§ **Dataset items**
============
lemma omega_antichain_if_fflv_S:
  assumes "k \<le> n" and S: "p \<in> fflv_S n (omega k)"
  shows "omega_antichain n k p"
proof -
  have le_row: "p a \<le> (if fst a \<le> k then 1 else 0)" if a: "a \<in> posroots n" for a
  proof -
    obtain d where "dyck_path n d" "a \<in> set d" "dyck_bound n (omega k) d = (\<Sum>t = fst a..n. omega k t)"
      using dyck_path_through_to_long_root[OF a a order_refl] by blast
    then show ?thesis
      using fflv_S_sum_le[OF S, of d "{a}"] \<open>k \<le> n\<close> by (auto simp: sum_omega split: if_splits)
  qed
  have zero_below: "p a \<le> 0" if a: "a \<in> posroots n" "snd a < k" for a
  proof -
    obtain d where "dyck_path n d" "a \<in> set d" "dyck_bound n (omega k) d = (\<Sum>t = fst a..snd a. omega k t)"
      using dyck_path_through_to_simple_root[OF a(1)] a(2) \<open>k \<le> n\<close> by fastforce
    then show ?thesis
      using fflv_S_sum_le[OF S, of d "{a}"] a(2) by (simp add: sum_omega)
  qed
  have antichain: "a = b"
    if ab: "a \<in> posroots n" "b \<in> posroots n" "a \<le> b" and one: "p a = 1" "p b = 1" for a b
  proof (rule ccontr)
    assume "a \<noteq> b"
    obtain d where "dyck_path n d" "a \<in> set d" "b \<in> set d"
      "dyck_bound n (omega k) d = (\<Sum>t = fst a..n. omega k t)"
      using dyck_path_through_to_long_root[OF ab] by blast
    then show False
      using fflv_S_sum_le[OF S, of d "{a, b}"] \<open>a \<noteq> b\<close> one by (simp add: sum_omega split: if_splits)
  qed
  have outside: "p a = 0" if "a \<notin> posroots n" for a
    using S that unfolding fflv_S_iff by blast
  have nonneg: "0 \<le> p a" if "a \<in> posroots n" for a
    using S that unfolding fflv_S_iff by blast
  have zero_or_one: "p a = 0 \<or> p a = 1 \<and> a \<in> omega_roots n k" for a
  proof (cases "a \<in> posroots n \<and> p a \<noteq> 0")
    case True
    then have "1 \<le> p a" using nonneg[of a] by linarith
    then have "fst a \<le> k" "p a = 1" "k \<le> snd a"
      using True le_row[of a] zero_below[of a] by (auto simp: not_less[symmetric] split: if_splits)
    then show ?thesis using True by (simp add: omega_roots_def)
  qed (use outside in blast)
  show ?thesis
    unfolding omega_antichain_def
  proof (intro conjI allI impI)
    show "p a = 0 \<or> p a = 1" for a using zero_or_one[of a] by auto
    show "p a = 1 \<Longrightarrow> a \<in> omega_roots n k" for a using zero_or_one[of a] by auto
    show "a = b" if "p a = 1" "p b = 1" "a \<le> b" for a b
      using that antichain zero_or_one[of a] zero_or_one[of b] by (auto simp: omega_roots_def)
  qed
qed
(* The double Zarankiewicz number satisfies $z_2(m,2)=m+1$ for all $m\ge 2$, $z_2(2,n)=n+1$ for all $n\ge2$, $z_2(3,3)=6$, and $z_2(4,3)\ge 8> z(4,3)$.
   Context: The Zarankiewicz number $z(m,n)$ is the maximum number of edges of a bipartite graph with parts $[m]=\{1,\dots,m\}$ and $[n]$ containing no 4-cycle (equivalently, the maximum size of a set of cells of the $m\times n$ grid containing no four cells $(i,j),(i,l),(k,j),(k,l)$ with $i\ne k$, $j\ne l$). Double Zarankiewicz number: consider configurations $G=([m],[n],E_1\cup E_2)$ where $E_1\subseteq[m]\times[n]$ is a set of 1-edges (cells) and $E_2$ is a set of 2-edges $(i,j;k,l)$ with $i,k\in[m]$, $j,l\in[n]$, $i\ne k$, $j\ne l$; the cells $(i,j)$ and $(k,l)$ are the two halves of this 2-edge. Simplicity condition: the halves of all 2-edges are pairwise distinct cells and none of them belongs to $E_1$. A cell is occupied if it lies in $E_1$ or is a half of some 2-edge. $G$ contains a generalized $C_4$-cycle if (1) there are four 1-edges $(i,j),(i,l),(k,j),(k,l)\in E_1$ with $i\ne k$, $j\ne l$; or (2) there is a 2-edge $(i,j;k,l)\in E_2$ whose two opposite cells $(i,l)$ and $(k,j)$ are both occupied; or (3) there are a 2-edge $(i,j;p,q)\in E_2$ and a cell $(k,l)$ such that the five cells $(k,l),(k,j),(k,q),(i,l),(p,l)$ are pairwise distinct and all occupied. $z_2(m,n)$ is the maximum of $|E_1|+|E_2|$ over all such $G$ satisfying the simplicity condition and containing no generalized $C_4$-cycle. *)

theory Defs
  imports Main
begin

type_synonym cell = "nat \<times> nat"
type_synonym twoedge = "cell \<times> cell"

definition grid :: "nat \<Rightarrow> nat \<Rightarrow> cell set" where
  "grid m n = {1..m} \<times> {1..n}"

definition has_C4 :: "cell set \<Rightarrow> bool" where
  "has_C4 S \<longleftrightarrow> (\<exists>i j k l. i \<noteq> k \<and> j \<noteq> l \<and>
      (i,j) \<in> S \<and> (i,l) \<in> S \<and> (k,j) \<in> S \<and> (k,l) \<in> S)"

definition zaran :: "nat \<Rightarrow> nat \<Rightarrow> nat" where
  "zaran m n = Max {card E | E. E \<subseteq> grid m n \<and> \<not> has_C4 E}"

definition twoedges_ok :: "nat \<Rightarrow> nat \<Rightarrow> twoedge set \<Rightarrow> bool" where
  "twoedges_ok m n E2 \<longleftrightarrow> (\<forall>((i,j),(k,l)) \<in> E2.
      (i,j) \<in> grid m n \<and> (k,l) \<in> grid m n \<and> i \<noteq> k \<and> j \<noteq> l)"

definition halves :: "twoedge set \<Rightarrow> cell set" where
  "halves E2 = fst ` E2 \<union> snd ` E2"

definition simple_conf :: "cell set \<Rightarrow> twoedge set \<Rightarrow> bool" where
  "simple_conf E1 E2 \<longleftrightarrow>
     (\<forall>e\<in>E2. \<forall>e'\<in>E2. e \<noteq> e' \<longrightarrow>
        {fst e, snd e} \<inter> {fst e', snd e'} = {}) \<and>
     (\<forall>e\<in>E2. fst e \<noteq> snd e) \<and>
     halves E2 \<inter> E1 = {}"

definition occupied :: "cell set \<Rightarrow> twoedge set \<Rightarrow> cell \<Rightarrow> bool" where
  "occupied E1 E2 c \<longleftrightarrow> c \<in> E1 \<or> c \<in> halves E2"

definition has_gen_C4 :: "cell set \<Rightarrow> twoedge set \<Rightarrow> bool" where
  "has_gen_C4 E1 E2 \<longleftrightarrow>
     has_C4 E1 \<or>
     (\<exists>i j k l. ((i,j),(k,l)) \<in> E2 \<and> occupied E1 E2 (i,l) \<and> occupied E1 E2 (k,j)) \<or>
     (\<exists>i j p q k l. ((i,j),(p,q)) \<in> E2 \<and>
        distinct [(k,l),(k,j),(k,q),(i,l),(p,l)] \<and>
        occupied E1 E2 (k,l) \<and> occupied E1 E2 (k,j) \<and> occupied E1 E2 (k,q) \<and>
        occupied E1 E2 (i,l) \<and> occupied E1 E2 (p,l))"

definition z2 :: "nat \<Rightarrow> nat \<Rightarrow> nat" where
  "z2 m n = Max {card E1 + card E2 | E1 E2.
      E1 \<subseteq> grid m n \<and> twoedges_ok m n E2 \<and> simple_conf E1 E2 \<and> \<not> has_gen_C4 E1 E2}"

end

theory Submission
  imports Defs
begin

(* A configuration occupies |E1| + 2|E2| distinct cells, and each 2-edge leaves one of its two
   opposite cells empty.  In a 2 x n grid a full column either lies in E1 (at most one such
   column, since two would form a 4-cycle) or contains a half of a 2-edge, and no 2-edge makes
   both of its columns full; so there are at most |E2| + 1 full columns and
   |E1| + 2|E2| <= n + |E2| + 1.  Transposition gives the m x 2 case.  Two rows of a 4-cycle-free
   set share at most one column, whence z(3,3) = 6 and, since four distinct 2-subsets of a
   3-set do not exist, z(4,3) <= 7.  In the 3 x 3 grid two 2-edges already occupy too many
   cells, and a single 2-edge next to six 1-edges forces E1 to be the grid minus three corners
   of a rectangle, which contains a 4-cycle.  An explicit configuration with seven 1-edges and
   one 2-edge shows z2(4,3) >= 8. *)

definition admissible :: "nat \<Rightarrow> nat \<Rightarrow> cell set \<Rightarrow> twoedge set \<Rightarrow> bool" where
  "admissible m n E1 E2 \<longleftrightarrow>
     E1 \<subseteq> grid m n \<and> twoedges_ok m n E2 \<and> simple_conf E1 E2 \<and> \<not> has_gen_C4 E1 E2"

lemma finite_grid [simp]: "finite (grid m n)"
  by (simp add: grid_def)

lemma card_grid: "card (grid m n) = m * n"
  by (simp add: grid_def card_cartesian_product)

lemma twoedges_ok_subset: "twoedges_ok m n E2 \<Longrightarrow> E2 \<subseteq> grid m n \<times> grid m n"
  unfolding twoedges_ok_def by fastforce

lemma admissible_finite:
  assumes "admissible m n E1 E2"
  shows "finite E1" "finite E2"
proof -
  show "finite E1"
    using assms finite_subset[OF _ finite_grid] by (auto simp: admissible_def)
  have "E2 \<subseteq> grid m n \<times> grid m n"
    using assms twoedges_ok_subset by (simp add: admissible_def)
  then show "finite E2"
    by (rule finite_subset) simp
qed
lemma riccati_solutions_eq:
  fixes W1 W2 :: "real \<Rightarrow> real^'n^'n" and R :: "real \<Rightarrow> real^'n^'n"
  assumes R: "continuous_on {0..} R"
    and W1: "riccati_sol G1 G2 R (ival T1) W1" "inv_to_zero W1"
    and W2: "riccati_sol G1 G2 R (ival T2) W2" "inv_to_zero W2"
    and t: "t \<in> ival T1" "t \<in> ival T2"
  shows "W1 t = W2 t"
proof -
  obtain \<delta>1 \<delta>2 where \<delta>: "0 < \<delta>1" "0 < \<delta>2"
    and inv: "\<And>s. 0 < s \<Longrightarrow> s < \<delta>1 \<Longrightarrow> invertible (W1 s)" "\<And>s. 0 < s \<Longrightarrow> s < \<delta>2 \<Longrightarrow> invertible (W2 s)"
    and lim: "((\<lambda>s. matrix_inv (W1 s)) \<longlongrightarrow> 0) (at_right 0)" "((\<lambda>s. matrix_inv (W2 s)) \<longlongrightarrow> 0) (at_right 0)"
    using W1(2) W2(2) unfolding inv_to_zero_def by metis
  define b where "b = min t (min \<delta>1 \<delta>2 / 2)"
  have b: "0 < b" "b \<le> t" "b < \<delta>1" "b < \<delta>2" using \<delta> t by (auto simp: b_def ival_def)
  have sub: "s \<in> ival T1" "s \<in> ival T2" if "0 < s" "s \<le> t" for s
    using that t ival_downward_closed by blast+
  note W1' = W1(1)[unfolded riccati_sol_iff, rule_format] and W2' = W2(1)[unfolded riccati_sol_iff, rule_format]
  have "W1 b = W2 b"
  proof (rule riccati_solutions_eq_near_0)
    show "continuous_on {0..b} R" using R by (rule continuous_on_subset) auto
    show "(W1 has_vector_derivative riccati_field G1 G2 (R s) (W1 s)) (at s)"
      and "(W2 has_vector_derivative riccati_field G1 G2 (R s) (W2 s)) (at s)"
      if "s \<in> {0<..b}" for s
      using that b sub W1' W2' by auto
  qed (use b inv lim in auto)
  show ?thesis
  proof (rule ode_solutions_eq_locally_lipschitz[where a = b and b = t and X = W1 and Y = W2
        and F = "\<lambda>s. riccati_field G1 G2 (R s)",
        OF \<open>b \<le> t\<close> _ _ \<open>W1 b = W2 b\<close> _ _ riccati_field_locally_lipschitz])
    show "continuous_on {b..t} W1" "continuous_on {b..t} W2"
      using b sub by (auto intro!: riccati_sol_continuous_on[OF W1(1)] riccati_sol_continuous_on[OF W2(1)])
  qed (use b sub W1' W2' in auto)
qed

lemma riccati_sol_glue:
  fixes Sol :: "ereal \<Rightarrow> (real \<Rightarrow> real^'n^'n) \<Rightarrow> bool"
  assumes sol: "\<And>T W. Sol T W \<Longrightarrow> riccati_sol G1 G2 R (ival T) W"
    and agree: "\<And>T1 W1 T2 W2 t. Sol T1 W1 \<Longrightarrow> Sol T2 W2 \<Longrightarrow> t \<in> ival T1 \<Longrightarrow> t \<in> ival T2 \<Longrightarrow> W1 t = W2 t"
  obtains V where "riccati_sol G1 G2 R (ival (Sup {T. \<exists>W. Sol T W})) V"
    "\<And>T W t. Sol T W \<Longrightarrow> t \<in> ival T \<Longrightarrow> W t = V t"
proof -
  define V where "V t = (SOME y. \<exists>T W. Sol T W \<and> t \<in> ival T \<and> y = W t)" for t
  have VW: "W t = V t" if "Sol T W" "t \<in> ival T" for T W t
  proof -
    have "\<exists>T' W'. Sol T' W' \<and> t \<in> ival T' \<and> V t = W' t"
      unfolding V_def by (rule someI_ex) (use that in blast)
    then show ?thesis using agree[OF that(1) _ that(2)] by metis
  qed
  have "riccati_sol G1 G2 R (ival (Sup {T. \<exists>W. Sol T W})) V"
    unfolding riccati_sol_iff
  proof
    fix t assume "t \<in> ival (Sup {T. \<exists>W. Sol T W})"
    then obtain T W where W: "Sol T W" and "ereal t < T" "0 < t"
      by (auto simp: ival_def less_Sup_iff)
    then have t: "t \<in> ival T" by (simp add: ival_def)
    have "(W has_vector_derivative riccati_field G1 G2 (R t) (W t)) (at t)"
      using sol[OF W] t by (simp add: riccati_sol_iff)
    then show "(V has_vector_derivative riccati_field G1 G2 (R t) (V t)) (at t)"
      unfolding VW[OF W t]
      by (rule has_vector_derivative_transform_within_open[OF _ ival_open t]) (use VW W in auto)
  qed
  with VW show ?thesis using that by blast
qed

lemma inv_to_zero_cong:
  assumes "inv_to_zero V" "0 < \<delta>" "\<And>t. 0 < t \<Longrightarrow> t < \<delta> \<Longrightarrow> W t = V t"
  shows "inv_to_zero W"
proof -
  obtain \<delta>' where "0 < \<delta>'" "\<And>t. 0 < t \<Longrightarrow> t < \<delta>' \<Longrightarrow> invertible (V t)"
    and lim: "((\<lambda>t. matrix_inv (V t)) \<longlongrightarrow> 0) (at_right 0)"
    using assms(1) unfolding inv_to_zero_def by blast
  moreover have "\<forall>\<^sub>F t in at_right 0. matrix_inv (V t) = matrix_inv (W t)"
    by (rule eventually_at_rightI[OF _ \<open>0 < \<delta>\<close>]) (simp add: assms(3))
  ultimately show ?thesis
    unfolding inv_to_zero_def using assms(2,3)
    by (intro conjI exI[of _ "min \<delta> \<delta>'"]) (auto intro: Lim_transform_eventually)
qed
lemma non_isolating_at_most_half:
  assumes "finite I" "m \<in> I" "S \<subseteq> I" "m \<notin> S" "card S \<le> 2 ^ (l - 1)" "l \<ge> 1"
  shows "2 * card {h \<in> PiE I (\<lambda>_. words l). \<not> isolates h m S}
           \<le> card (PiE I (\<lambda>_. words l))"
proof -
  have half: "(2::nat) * 2 ^ (l - 1) = 2 ^ l" using assms(6) by (cases l) auto
  have split: "(2::nat) ^ l * (2 ^ l) ^ (card I - 1) = (2 ^ l) ^ card I"
    using assms(1,2) by (cases "card I") (auto simp: card_gt_0_iff)
  have "2 * card {h \<in> PiE I (\<lambda>_. words l). \<not> isolates h m S}
          \<le> 2 * (card S * (2 ^ l) ^ (card I - 1))"
    using card_non_isolating[OF assms(1) finite_words assms(2-4)] by (simp add: card_words)
  also have "\<dots> \<le> 2 * 2 ^ (l - 1) * (2 ^ l) ^ (card I - 1)"
    using assms(5) by simp
  also have "\<dots> = 2 ^ l * (2 ^ l) ^ (card I - 1)" by (simp only: half)
  also have "\<dots> = card (PiE I (\<lambda>_. words l))"
    using assms(1) by (simp only: split card_PiE card_words prod_constant)
  finally show ?thesis .
qed

section \<open>Counting small subsets\<close>

lemma geometric_sum_le: "(n::nat) \<ge> 2 \<Longrightarrow> (\<Sum>i\<le>k. n ^ i) \<le> 2 * n ^ k"
proof (induction k)
  case (Suc k)
  then have "(\<Sum>i\<le>Suc k. n ^ i) \<le> 2 * n ^ k + n ^ Suc k" by simp
  also have "2 * n ^ k \<le> n ^ Suc k" using Suc.prems by simp
  finally show ?case by simp
qed simp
============
§ **WHAT YOU WILL DO**
Within the records above, determine how many lines contain the word "bool". Respond with that number and no other text.

§ **ANSWER TO THIS TASK**
7